Saved data entries:
------------------------------------
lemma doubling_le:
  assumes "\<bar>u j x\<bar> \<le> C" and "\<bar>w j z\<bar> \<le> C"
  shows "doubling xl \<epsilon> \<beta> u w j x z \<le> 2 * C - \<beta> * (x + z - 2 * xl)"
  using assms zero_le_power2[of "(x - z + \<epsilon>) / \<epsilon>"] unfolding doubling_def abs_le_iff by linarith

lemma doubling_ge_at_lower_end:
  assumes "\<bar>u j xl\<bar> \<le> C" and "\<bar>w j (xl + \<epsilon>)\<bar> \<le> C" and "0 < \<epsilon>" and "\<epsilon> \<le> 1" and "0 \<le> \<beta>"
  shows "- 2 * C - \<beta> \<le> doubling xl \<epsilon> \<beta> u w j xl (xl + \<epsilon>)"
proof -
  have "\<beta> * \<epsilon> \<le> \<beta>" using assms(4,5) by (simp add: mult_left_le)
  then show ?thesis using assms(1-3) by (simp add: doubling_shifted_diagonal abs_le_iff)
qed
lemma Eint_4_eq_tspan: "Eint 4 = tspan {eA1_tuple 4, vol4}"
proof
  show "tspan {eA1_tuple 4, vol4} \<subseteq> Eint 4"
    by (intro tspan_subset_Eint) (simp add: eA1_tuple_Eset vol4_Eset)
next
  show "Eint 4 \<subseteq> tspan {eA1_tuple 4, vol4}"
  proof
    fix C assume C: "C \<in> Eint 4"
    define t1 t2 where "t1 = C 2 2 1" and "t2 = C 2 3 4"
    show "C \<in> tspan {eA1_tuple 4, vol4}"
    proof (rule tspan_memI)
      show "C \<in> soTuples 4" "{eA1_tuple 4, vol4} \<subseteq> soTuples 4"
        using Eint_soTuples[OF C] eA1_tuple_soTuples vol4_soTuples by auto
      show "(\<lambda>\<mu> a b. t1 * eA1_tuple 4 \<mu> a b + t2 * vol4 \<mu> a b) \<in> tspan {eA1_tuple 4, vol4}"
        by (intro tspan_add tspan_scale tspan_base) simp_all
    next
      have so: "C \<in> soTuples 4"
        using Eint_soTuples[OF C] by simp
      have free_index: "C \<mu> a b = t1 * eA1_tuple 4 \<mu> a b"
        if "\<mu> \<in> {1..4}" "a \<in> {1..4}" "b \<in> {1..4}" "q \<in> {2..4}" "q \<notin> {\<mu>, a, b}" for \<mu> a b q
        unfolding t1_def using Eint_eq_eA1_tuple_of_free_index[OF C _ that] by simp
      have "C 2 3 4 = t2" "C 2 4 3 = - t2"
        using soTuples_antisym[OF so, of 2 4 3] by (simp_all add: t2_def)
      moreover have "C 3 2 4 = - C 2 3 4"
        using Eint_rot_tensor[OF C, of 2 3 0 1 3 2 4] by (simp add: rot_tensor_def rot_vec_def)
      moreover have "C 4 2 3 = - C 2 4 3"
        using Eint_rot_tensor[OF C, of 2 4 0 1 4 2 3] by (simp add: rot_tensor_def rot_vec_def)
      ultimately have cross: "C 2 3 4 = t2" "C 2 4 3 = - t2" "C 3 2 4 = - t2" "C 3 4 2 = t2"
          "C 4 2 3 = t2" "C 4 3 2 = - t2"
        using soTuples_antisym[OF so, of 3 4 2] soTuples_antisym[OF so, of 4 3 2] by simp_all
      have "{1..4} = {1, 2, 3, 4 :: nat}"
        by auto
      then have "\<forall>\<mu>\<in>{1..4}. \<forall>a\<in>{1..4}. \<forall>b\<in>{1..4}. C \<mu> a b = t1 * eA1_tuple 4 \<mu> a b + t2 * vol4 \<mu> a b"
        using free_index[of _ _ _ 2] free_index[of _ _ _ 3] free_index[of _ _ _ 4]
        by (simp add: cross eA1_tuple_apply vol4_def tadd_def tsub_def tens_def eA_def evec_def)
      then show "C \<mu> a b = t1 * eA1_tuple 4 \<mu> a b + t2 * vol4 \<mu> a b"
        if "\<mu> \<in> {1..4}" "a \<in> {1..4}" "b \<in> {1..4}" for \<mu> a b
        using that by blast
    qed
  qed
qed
------------------------------------
- [DIRECTIONS]
Your reply should be nothing but the lines from the one containing "using Eint_soTuples[OF C] by simp" through the last line above, copied exactly; please include both ends.

- [OUTPUT OF THE EXERCISE]
        using Eint_soTuples[OF C] by simp
      have free_index: "C \<mu> a b = t1 * eA1_tuple 4 \<mu> a b"
        if "\<mu> \<in> {1..4}" "a \<in> {1..4}" "b \<in> {1..4}" "q \<in> {2..4}" "q \<notin> {\<mu>, a, b}" for \<mu> a b q
        unfolding t1_def using Eint_eq_eA1_tuple_of_free_index[OF C _ that] by simp
      have "C 2 3 4 = t2" "C 2 4 3 = - t2"
        using soTuples_antisym[OF so, of 2 4 3] by (simp_all add: t2_def)
      moreover have "C 3 2 4 = - C 2 3 4"
        using Eint_rot_tensor[OF C, of 2 3 0 1 3 2 4] by (simp add: rot_tensor_def rot_vec_def)
      moreover have "C 4 2 3 = - C 2 4 3"
        using Eint_rot_tensor[OF C, of 2 4 0 1 4 2 3] by (simp add: rot_tensor_def rot_vec_def)
      ultimately have cross: "C 2 3 4 = t2" "C 2 4 3 = - t2" "C 3 2 4 = - t2" "C 3 4 2 = t2"
          "C 4 2 3 = t2" "C 4 3 2 = - t2"
        using soTuples_antisym[OF so, of 3 4 2] soTuples_antisym[OF so, of 4 3 2] by simp_all
      have "{1..4} = {1, 2, 3, 4 :: nat}"
        by auto
      then have "\<forall>\<mu>\<in>{1..4}. \<forall>a\<in>{1..4}. \<forall>b\<in>{1..4}. C \<mu> a b = t1 * eA1_tuple 4 \<mu> a b + t2 * vol4 \<mu> a b"
        using free_index[of _ _ _ 2] free_index[of _ _ _ 3] free_index[of _ _ _ 4]
        by (simp add: cross eA1_tuple_apply vol4_def tadd_def tsub_def tens_def eA_def evec_def)
      then show "C \<mu> a b = t1 * eA1_tuple 4 \<mu> a b + t2 * vol4 \<mu> a b"
        if "\<mu> \<in> {1..4}" "a \<in> {1..4}" "b \<in> {1..4}" for \<mu> a b
        using that by blast
    qed
  qed
qed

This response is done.